The report documents that according to the commissioner of police there were no cases of rapes reported during and after the post 2007 general elections mayhem. "But evidence on the ground suggests the contrary. The police deliberately refused to record statements from women who had been raped," says the Waki report.

Why did they deliberately refuse to record statements from the rape victims? What are the implications of such attitude to any ordinary observer? However, the biggest question that may go down un-answered for an eternity is how many victims were threatened and intimidated against reporting? How many female children were rape victims of these same officers but remain silent in abject fear unable to report even before the Waki Commission?

The report documents: "Most of the victims were poor women raped in their households where they were trapped before their children and spouses in the slums like Kibera, Mathare as well as other places by youthful gangs numbering up to twenty, police and GSU officers and even their own husbands."

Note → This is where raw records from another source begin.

lemma Cost_finite:
  assumes "W \<in> Ss"
  obtains c where "Cost T Cs Val W = ereal c"
proof -
  obtain C where "C \<in> Cs" "conv T C W" using currency_below[OF assms] by blast
  then have "Cost T Cs Val W \<le> ereal (Val C)" unfolding Cost_def by (intro Inf_lower) blast
  moreover have "0 \<le> Cost T Cs Val W" unfolding Cost_def using Val_nonneg by (intro Inf_greatest) auto
  ultimately show ?thesis using that by (cases "Cost T Cs Val W") auto
qed

lemma Yield_minus_Cost_le_Balance:
  assumes V: "V \<in> Ss" and W: "W \<in> Ss"
  shows "Yield T Cs Val V - Cost T Cs Val W \<le> Balance T Cs Val V W"
proof -
  obtain c where c: "Cost T Cs Val W = ereal c" using Cost_finite[OF W] .
  have pair: "ereal (Val CV - Val CW) \<le> Balance T Cs Val V W"
    if "CV \<in> Cs" "conv T V CV" "CW \<in> Cs" "conv T CW W" for CV CW
    using exists_conv_with_balance[OF V W that] le_Balance by force
  show ?thesis
  proof (cases "Balance T Cs Val V W")
    case MInf
    obtain CV CW where "CV \<in> Cs" "conv T V CV" "CW \<in> Cs" "conv T CW W"
      using currency_above[OF V] currency_below[OF W] by blast
    with pair MInf show ?thesis by force
  next
    case (real b)
    have "Yield T Cs Val V \<le> ereal (b + c)"
      unfolding Yield_def
    proof (intro Sup_least, clarify)
      fix CV assume CV: "CV \<in> Cs" "conv T V CV"
      have "ereal (Val CV - b) \<le> Cost T Cs Val W"
        unfolding Cost_def using pair[OF CV] real by (intro Inf_greatest) force
      then show "ereal (Val CV) \<le> ereal (b + c)" using c by simp
    qed
    then show ?thesis using c real by (cases "Yield T Cs Val V") auto
  qed simp
qed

Most of the women who were gang raped by their spouses, according to the Waki Commission involved mostly marriages where women were from communities that appeared to support political parties that the husbands were against, for instance if the husband was sympathetic or supported the Party of National Unity (PNU) and the wife from a community perceived to be sympathetic or supportive of the Orange Democratic Movement (ODM) she was victimised.

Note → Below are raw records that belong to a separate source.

(* Let $(k,\alpha)\in\Upsilon$, $w\in\operatorname{rext}(L_{k,\alpha})$, $\bar w\in\operatorname{rext}(w,L_{k,\alpha})$, let $x\in\Sigma_k$ be a letter that is a recurrent factor of $\bar w$, and let $t\in L^{\mathbb N,R}_{k,\alpha}$ with $\operatorname{occur}(t,x)=0$. Then there are finite words $w_1,w_2,g\in\Sigma_k^*$ such that $(w_1,w_2,x,g,t)\in\Gamma(k,\alpha)$ and $w$ is a prefix of $w_1w_2xg$.
   Context: $\Sigma_k$ is an alphabet with $k$ letters. For a nonempty finite word $r$ and a rational $\beta\ge 1$ with $\beta|r|$ an integer, the $\beta$-power $r^\beta$ is the word $rr\cdots rt$ of length $\beta|r|$, where $t$ is a prefix of $r$. For rational $\alpha\ge1$, a word is $\alpha$-power free if it has no factor that is a $\beta$-power with $\beta\ge\alpha$, and $\alpha^+$-power free if it has no factor that is a $\beta$-power with $\beta>\alpha$; "$\alpha$" may denote a rational number or a symbol $\alpha^+$. $L_{k,\alpha}$ is the set of finite $\alpha$-power free words over $\Sigma_k$, and $L^{\mathbb N,R}_{k,\alpha}$ the set of right infinite words over $\Sigma_k$ all of whose finite factors lie in $L_{k,\alpha}$. $\Upsilon$ is the set of pairs: $(k,\alpha)$ with $k=3$ and rational $\alpha>2$; $(k,\alpha)$ with $k>3$ and rational $\alpha\ge2$; $(k,\alpha^+)$ with $k\ge3$ and rational $\alpha\ge2$. $\operatorname{occur}(w,s)$ is the number of occurrences of a nonempty word $s$ as a factor of $w$; $s$ is recurrent in an infinite word $w$ if $\operatorname{occur}(w,s)=\infty$. Prefixes include the empty word and the word itself if finite. A word $w\in L$ is right extendable in $L$ if for every $n\in\mathbb N$ there is $u\in L$ with $|u|=n$ and $wu\in L$; $\operatorname{rext}(L)$ is the set of such words, and for $w\in\operatorname{rext}(L)$, $\operatorname{rext}(w,L)$ is the set of right infinite words all of whose finite prefixes lie in $L$ and which have $w$ as a prefix. For $(k,\alpha)\in\Upsilon$, $(w_1,w_2,x,g,t)\in\Gamma(k,\alpha)$ means: $w_1,w_2,g\in\Sigma_k^*$; $x\in\Sigma_k$; $w_1w_2xg\in L_{k,\alpha}$; $t\in L^{\mathbb N,R}_{k,\alpha}$; $\operatorname{occur}(t,x)=0$; $g$ is a prefix of $t$; $\operatorname{occur}(w_2xgy,xgy)=1$, where $y\in\Sigma_k$ is the letter with $gy$ a prefix of $t$; and $\operatorname{occur}(w_2,x)\ge\operatorname{occur}(w_1,x)$. *)

theory Defs
  imports Main "HOL-Library.Extended_Nat" "HOL-Library.Sublist"
begin

text \<open>Letters of the alphabet Sigma_k are the naturals 0,...,k-1; finite words are lists,
right infinite words are functions nat => nat.\<close>

definition Sigma :: "nat \<Rightarrow> nat set" where
  "Sigma k = {0..<k}"

text \<open>An exponent bound: either a rational alpha, or the symbol alpha+.\<close>
datatype pexp = Exact rat | Plus rat

definition is_power :: "nat list \<Rightarrow> rat \<Rightarrow> bool" where
  "is_power u \<beta> \<longleftrightarrow> \<beta> \<ge> 1 \<and> (\<exists>r t n. r \<noteq> [] \<and> n \<ge> 1 \<and> prefix t r \<and>
      u = concat (replicate n r) @ t \<and> of_nat (length u) = \<beta> * of_nat (length r))"

definition exceeds :: "pexp \<Rightarrow> rat \<Rightarrow> bool" where
  "exceeds a \<beta> = (case a of Exact \<alpha> \<Rightarrow> \<beta> \<ge> \<alpha> | Plus \<alpha> \<Rightarrow> \<beta> > \<alpha>)"

definition power_free :: "pexp \<Rightarrow> nat list \<Rightarrow> bool" where
  "power_free a w \<longleftrightarrow> \<not> (\<exists>u \<beta>. sublist u w \<and> is_power u \<beta> \<and> exceeds a \<beta>)"

definition Lfin :: "nat \<Rightarrow> pexp \<Rightarrow> nat list set" where
  "Lfin k a = {w. set w \<subseteq> Sigma k \<and> power_free a w}"

definition Linf :: "nat \<Rightarrow> pexp \<Rightarrow> (nat \<Rightarrow> nat) set" where
  "Linf k a = {t. (\<forall>i. t i \<in> Sigma k) \<and> (\<forall>i j. map t [i..<j] \<in> Lfin k a)}"

definition Upsilon :: "(nat \<times> pexp) set" where
  "Upsilon = {(k, a). (k = 3 \<and> (\<exists>\<alpha>. a = Exact \<alpha> \<and> \<alpha> > 2))
                    \<or> (k > 3 \<and> (\<exists>\<alpha>. a = Exact \<alpha> \<and> \<alpha> \<ge> 2))
                    \<or> (k \<ge> 3 \<and> (\<exists>\<alpha>. a = Plus \<alpha> \<and> \<alpha> \<ge> 2))}"

definition occur :: "nat list \<Rightarrow> nat list \<Rightarrow> nat" where
  "occur w s = card {i. i + length s \<le> length w \<and> take (length s) (drop i w) = s}"

definition occur_inf :: "(nat \<Rightarrow> nat) \<Rightarrow> nat list \<Rightarrow> enat" where
  "occur_inf t s = (let S = {i. map t [i..<i + length s] = s} in
                     if finite S then enat (card S) else \<infinity>)"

The commission reports that it had heard "harrowing reports from victims and witnesses where husbands were abandoning their wives and children after witnessing them brutally raped before them and their children.

The report says that most of the rapes committed by the GSU and the police officers were motivated by ethnic hatred from the officers against the victims they were raping, yet they are supposed to be disciplined and above ethnic hatred or sympathies with duty epitomized in their motto ‘service to all' as the overriding factor.

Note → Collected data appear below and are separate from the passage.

lemma letter_nth: "0 \<le> x \<Longrightarrow> x < L \<Longrightarrow> letter x = w ! nat x"
  by (simp add: letter_def)

lemma letter_in_set: "letter p \<in> set w"
proof -
  have "nat (p mod L) < length w"
    using L_pos by (simp add: L_def nat_less_iff)
  thus ?thesis
    by (simp add: letter_def)
qed

lemma card_positions_letter:
  assumes "b \<in> set w"
  shows "card {r\<in>{0..<L}. letter r = b} = 2"
proof -
  have "{r\<in>{0..<L}. letter r = b} = int ` {i. i < length w \<and> w ! i = b}"
  proof (rule set_eqI, rule iffI)
    fix r assume "r \<in> {r\<in>{0..<L}. letter r = b}"
    then have "r = int (nat r)" "nat r < length w" "w ! nat r = b"
      by (auto simp: letter_def L_def)
    thus "r \<in> int ` {i. i < length w \<and> w ! i = b}"
      by blast
  next
    fix r assume "r \<in> int ` {i. i < length w \<and> w ! i = b}"
    then obtain i where "r = int i" "i < length w" "w ! i = b"
      by blast
    thus "r \<in> {r\<in>{0..<L}. letter r = b}"
      by (auto simp: letter_def L_def)
  qed
  moreover have "card {i. i < length w \<and> w ! i = b} = count_list w b"
    by (simp add: count_list_eq_length_filter length_filter_conv_card eq_commute)
  ultimately show ?thesis
    using dow assms by (simp add: card_image double_occurrence_word_def)
qed

lemma inj_on_mod_window: "inj_on (\<lambda>e. e mod L) {lo..<lo+L}"
proof (rule inj_onI)
  fix x y assume "x \<in> {lo..<lo+L}" "y \<in> {lo..<lo+L}" "x mod L = y mod L"
  then obtain k where k: "x - y = L * k" and "\<bar>x - y\<bar> < L"
    by (auto simp: mod_eq_dvd_iff elim: dvdE)
  then have "L * \<bar>k\<bar> < L * 1"
    using L_pos by (simp add: abs_mult)
  then have "\<bar>k\<bar> < 1"
    using L_pos by (simp only: mult_less_cancel_left_pos)
  then have "k = 0"
    by simp
  thus "x = y"
    using k by simp
qed

lemma occ_window:
  assumes "b \<in> set w"
  shows "occ {lo..<lo+L} b = 2"
proof -
  have "(\<lambda>e. e mod L) ` {e\<in>{lo..<lo+L}. letter e = b} = {r\<in>{0..<L}. letter r = b}"
  proof
    show "(\<lambda>e. e mod L) ` {e\<in>{lo..<lo+L}. letter e = b} \<subseteq> {r\<in>{0..<L}. letter r = b}"
    proof
      fix r assume "r \<in> (\<lambda>e. e mod L) ` {e\<in>{lo..<lo+L}. letter e = b}"
      then obtain e where "r = e mod L" "letter e = b"
        by blast
      thus "r \<in> {r\<in>{0..<L}. letter r = b}"
        using L_pos letter_mod[of e] by simp
    qed
  next
    show "{r\<in>{0..<L}. letter r = b} \<subseteq> (\<lambda>e. e mod L) ` {e\<in>{lo..<lo+L}. letter e = b}"
    proof
      fix r assume r: "r \<in> {r\<in>{0..<L}. letter r = b}"
      define x where "x = lo + (r - lo) mod L"
      have "x mod L = (lo + (r - lo)) mod L"
        unfolding x_def by (rule mod_add_right_eq)
      then have "x mod L = r"
        using r by simp
      moreover have "x \<in> {lo..<lo+L}"
        using L_pos pos_mod_sign[of L "r - lo"] pos_mod_bound[of L "r - lo"]
        unfolding x_def atLeastLessThan_iff by linarith
      moreover have "letter x = b"
        using r \<open>x mod L = r\<close> letter_mod[of x] by auto
      ultimately show "r \<in> (\<lambda>e. e mod L) ` {e\<in>{lo..<lo+L}. letter e = b}"
        by (intro image_eqI[where x = x]) auto
    qed
  qed
  moreover have inj: "inj_on (\<lambda>e. e mod L) {e\<in>{lo..<lo+L}. letter e = b}"
    by (rule inj_on_subset[OF inj_on_mod_window]) auto
  ultimately have "card {e\<in>{lo..<lo+L}. letter e = b} = card {r\<in>{0..<L}. letter r = b}"
    using card_image[OF inj] by simp
  thus ?thesis
    using card_positions_letter[OF assms] unfolding occ_def by simp
qed

lemma positions_in_window:
  assumes "letter x = b" "letter y = b" "x \<noteq> y" "x \<in> {lo..<lo+L}" "y \<in> {lo..<lo+L}"
  shows "{e\<in>{lo..<lo+L}. letter e = b} = {x, y}"
proof -
  have "card {e\<in>{lo..<lo+L}. letter e = b} = 2"
    using occ_window[of b lo] letter_in_set[of x] assms(1) by (simp add: occ_def)
  moreover have "{x, y} \<subseteq> {e\<in>{lo..<lo+L}. letter e = b}"
    using assms by auto
  moreover have "card {x, y} = 2"
    using assms(3) by simp
  ultimately show ?thesis
    using card_subset_eq[OF finite_positions, of "{x, y}" lo "lo+L" "\<lambda>e. letter e = b"] by simp
qed

lemma occ_le_2:
  assumes "A \<subseteq> {lo..<lo+L}"
  shows "occ A b \<le> 2"
proof (cases "b \<in> set w")
  case True
  have "card {e\<in>A. letter e = b} \<le> card {e\<in>{lo..<lo+L}. letter e = b}"
    by (rule card_mono[OF finite_positions]) (use assms in auto)
  thus ?thesis
    using occ_window[OF True] by (simp add: occ_def)
next
  case False
  then have "{e\<in>A. letter e = b} = {}"
    using letter_in_set by auto
  then have "occ A b = 0"
    unfolding occ_def by (simp only: card.empty)
  thus ?thesis
    by simp
qed

lemma no_three_positions:
  assumes "letter x = letter y" "letter y = letter z" "x \<noteq> y" "y \<noteq> z" "x \<noteq> z"
    and "x \<in> {lo..<lo+L}" "y \<in> {lo..<lo+L}" "z \<in> {lo..<lo+L}"
  shows False
proof -
  have "{e\<in>{lo..<lo+L}. letter e = letter y} = {x, y}"
    by (rule positions_in_window) (use assms in auto)
  moreover have "z \<in> {e\<in>{lo..<lo+L}. letter e = letter y}"
    using assms by auto
  ultimately show False
    using assms by auto
qed

lemma occ_eq_card_Int:
  assumes "letter x = b" "letter y = b" "x \<noteq> y" "x \<in> {lo..<lo+L}" "y \<in> {lo..<lo+L}"
    and "A \<subseteq> {lo..<lo+L}"
  shows "occ A b = card ({x, y} \<inter> A)"
proof -
  have "{e\<in>A. letter e = b} = {e\<in>{lo..<lo+L}. letter e = b} \<inter> A"
    using assms(6) by auto
  thus ?thesis
    using positions_in_window[OF assms(1-5)] by (simp add: occ_def Int_commute)
qed

lemma occ_split:
  assumes "lo \<le> m" "m \<le> hi"
  shows "occ {lo..<hi} b = occ {lo..<m} b + occ {m..<hi} b"
proof -
  have "{e\<in>{lo..<hi}. letter e = b} = {e\<in>{lo..<m}. letter e = b} \<union> {e\<in>{m..<hi}. letter e = b}"
    using assms by auto
  moreover have "card ({e\<in>{lo..<m}. letter e = b} \<union> {e\<in>{m..<hi}. letter e = b})
      = card {e\<in>{lo..<m}. letter e = b} + card {e\<in>{m..<hi}. letter e = b}"
    by (rule card_Un_disjoint[OF finite_positions finite_positions]) auto
  ultimately show ?thesis
    by (simp add: occ_def)
qed

lemma occ_singleton: "occ {x..<x+1} (letter x) = 1"
proof -
  have "{e\<in>{x..<x+1}. letter e = letter x} = {x}"
    by auto
  thus ?thesis
    unfolding occ_def by simp
qed

lemma occ_singleton_other:
  assumes "letter x \<noteq> b"
  shows "occ {x..<x+1} b = 0"
proof -
  have "{e\<in>{x..<x+1}. letter e = b} = {}"
    using assms by auto
  thus ?thesis
    unfolding occ_def by (metis card.empty)
qed

lemma occ_ge_1:
  assumes "x \<in> A" "finite A" "letter x = b"
  shows "occ A b \<ge> 1"
proof -
  have "x \<in> {e\<in>A. letter e = b}" "finite {e\<in>A. letter e = b}"
    using assms by auto
  then have "card {e\<in>A. letter e = b} \<noteq> 0"
    by auto
  thus ?thesis
    by (simp add: occ_def)
qed

lemma occ_ge_2:
  assumes "x \<in> A" "y \<in> A" "x \<noteq> y" "letter x = b" "letter y = b" "finite A"
  shows "occ A b \<ge> 2"
proof -
  have "card {x, y} \<le> card {e\<in>A. letter e = b}"
    by (rule card_mono) (use assms in auto)
  thus ?thesis
    using assms(3) by (simp add: occ_def)
qed

lemma occ_posE:
  assumes "occ A b \<ge> 1"
  obtains x where "x \<in> A" "letter x = b"
proof -
  have "card {e\<in>A. letter e = b} \<noteq> 0"
    using assms by (simp add: occ_def)
  then have "{e\<in>A. letter e = b} \<noteq> {}"
    by (metis card.empty)
  thus ?thesis
    using that by auto
qed

lemma occ_mono: "A \<subseteq> B \<Longrightarrow> finite B \<Longrightarrow> occ A b \<le> occ B b"
  unfolding occ_def by (rule card_mono) auto

lemma occ_2E:
  assumes "occ A b = 2"
  obtains x y where "x \<in> A" "y \<in> A" "x < y" "letter x = b" "letter y = b"
proof -
  obtain x y where xy: "x \<noteq> y" "{e\<in>A. letter e = b} = {x, y}"
    using assms by (auto simp: occ_def card_Suc_eq numeral_2_eq_2)
  then have "x \<in> A" "y \<in> A" "letter x = b" "letter y = b"
    by auto
  thus ?thesis
    using that[of x y] that[of y x] xy(1) by (cases "x < y") auto
qed

lemma other_occurrence:
  assumes "x \<in> {lo..<lo+L}"
  obtains y where "y \<in> {lo..<lo+L}" "y \<noteq> x" "letter y = letter x"
proof -
  let ?P = "{e\<in>{lo..<lo+L}. letter e = letter x}"
  have "card ?P = 2"
    using occ_window[OF letter_in_set] by (simp add: occ_def)
  then obtain u v where "u \<noteq> v" "?P = {u, v}"
    by (auto simp: card_Suc_eq numeral_2_eq_2)
  moreover have "x \<in> ?P"
    using assms by simp
  ultimately obtain y where "y \<in> ?P" "y \<noteq> x"
    by blast
  then show ?thesis
    using that by blast
qed

lemma partner_exists: "\<exists>d. 0 < d \<and> d < L \<and> letter (q + d) = letter q"
proof -
  obtain y where "y \<in> {q..<q+L}" "y \<noteq> q" "letter y = letter q"
    using other_occurrence[of q q] L_pos by auto
  thus ?thesis
    by (intro exI[of _ "y - q"]) auto
qed

lemma card_eq_once_twice:
  assumes "A \<subseteq> {lo..<lo+L}" and "finite A"
  shows "card A = card {b\<in>set w. occ A b = 1} + 2 * card {b\<in>set w. occ A b = 2}"
proof -
  have "A = (\<Union>b\<in>set w. {e\<in>A. letter e = b})"
    using letter_in_set by auto
  also have "card \<dots> = (\<Sum>b\<in>set w. card {e\<in>A. letter e = b})"
    by (rule card_UN_disjoint) (use assms(2) in auto)
  finally have "card A = (\<Sum>b\<in>set w. occ A b)"
    by (simp add: occ_def)
  thus ?thesis
    using sum_le_2_eq_card[of "set w" "occ A"] occ_le_2[OF assms(1)] by simp
qed

lemma occ_shift:
  assumes "L dvd c"
  shows "occ {lo+c..<hi+c} b = occ {lo..<hi} b"
proof -
  obtain t where t: "c = L * t"
    using assms by (auto elim: dvdE)
  have "{e\<in>{lo+c..<hi+c}. letter e = b} = (\<lambda>e. e + c) ` {e\<in>{lo..<hi}. letter e = b}"
  proof
    show "{e\<in>{lo+c..<hi+c}. letter e = b} \<subseteq> (\<lambda>e. e + c) ` {e\<in>{lo..<hi}. letter e = b}"
    proof
      fix e assume e: "e \<in> {e\<in>{lo+c..<hi+c}. letter e = b}"
      have "letter (e - c) = b"
        using e letter_periodic[of "e - c" t] t by simp
      then have "e - c \<in> {e\<in>{lo..<hi}. letter e = b}"
        using e by auto
      thus "e \<in> (\<lambda>e. e + c) ` {e\<in>{lo..<hi}. letter e = b}"
        by (intro image_eqI[where x = "e - c"]) auto
    qed
  next
    show "(\<lambda>e. e + c) ` {e\<in>{lo..<hi}. letter e = b} \<subseteq> {e\<in>{lo+c..<hi+c}. letter e = b}"
      using letter_periodic t by auto
  qed
  moreover have inj: "inj_on (\<lambda>e. e + c) {e\<in>{lo..<hi}. letter e = b}"
    by (rule inj_onI) simp
  ultimately show ?thesis
    unfolding occ_def using card_image[OF inj] by simp
qed

lemma interlaced_sym: "interlaced w a b \<longleftrightarrow> interlaced w b a"
  unfolding interlaced_def by blast

lemma interlacedI:
  assumes "a \<noteq> b" "0 \<le> x1" "x1 < x2" "x2 < x3" "x3 < x4" "x4 < L"
    and "letter x1 = a" "letter x2 = b" "letter x3 = a" "letter x4 = b"
  shows "interlaced w a b"
proof -
  have "nat x1 < nat x2" "nat x2 < nat x3" "nat x3 < nat x4" "nat x4 < length w"
    using assms by (auto simp: L_def)
  moreover have "w ! nat x1 = a" "w ! nat x2 = b" "w ! nat x3 = a" "w ! nat x4 = b"
    using assms letter_nth[of x1] letter_nth[of x2] letter_nth[of x3] letter_nth[of x4] by auto
  ultimately show ?thesis
    unfolding interlaced_def using assms(1) by blast
qed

"Sixty-eight per cent of the women who were raped were married, divorced or widowed aged between seventeen to sixty eight years. 900 victims of sexual crime were treated at the Nairobi hospital in Nairobi alone, which was just a mere tip of the iceberg considering similar cases in other violence hit provinces," says the report.

It goes on: "Despite the police denials and failure to document any sexual crimes, it was known to anyone living in Kenya at the time that there were many allegations of sexual violence through out the country." The provinces worst hit by the violence included Rift Valley, Nyanza, Central, Western, Nairobi and Coast.

The commission castigates the police that to merely blackout the sexual crimes offences or claim that there were no formal reports seems akin to burying ones head in the sand and does not speak of one's strong will to uphold the law as it relates to sexual offending since even the limited figures the police dared to report were a far cry from those reported by the medical institutions both public and private.

Ironically in some cases where the commission held its sittings and hearings, police reported to the commission that they had not received any cases relating to sexual offences when local hospitals and Non-Governmental Organisations (NGOs) were busy attending to victims of sexual assaults and rapes.

The report also documents that other women victims were raped in the Internally Displaced Persons' (IDP) camps not only by the police officers but also by service providers and marauding criminal gangs spreading terror, violence and mayhem.

The Waki Commission strongly recommends that the Sexual Offences Act should be implemented as well as development of new policies and guidelines in the enforcement process, compensation of the sexual crimes victims and psychological; support none of which those affected has been a beneficiary to ten months after the deadly episodes.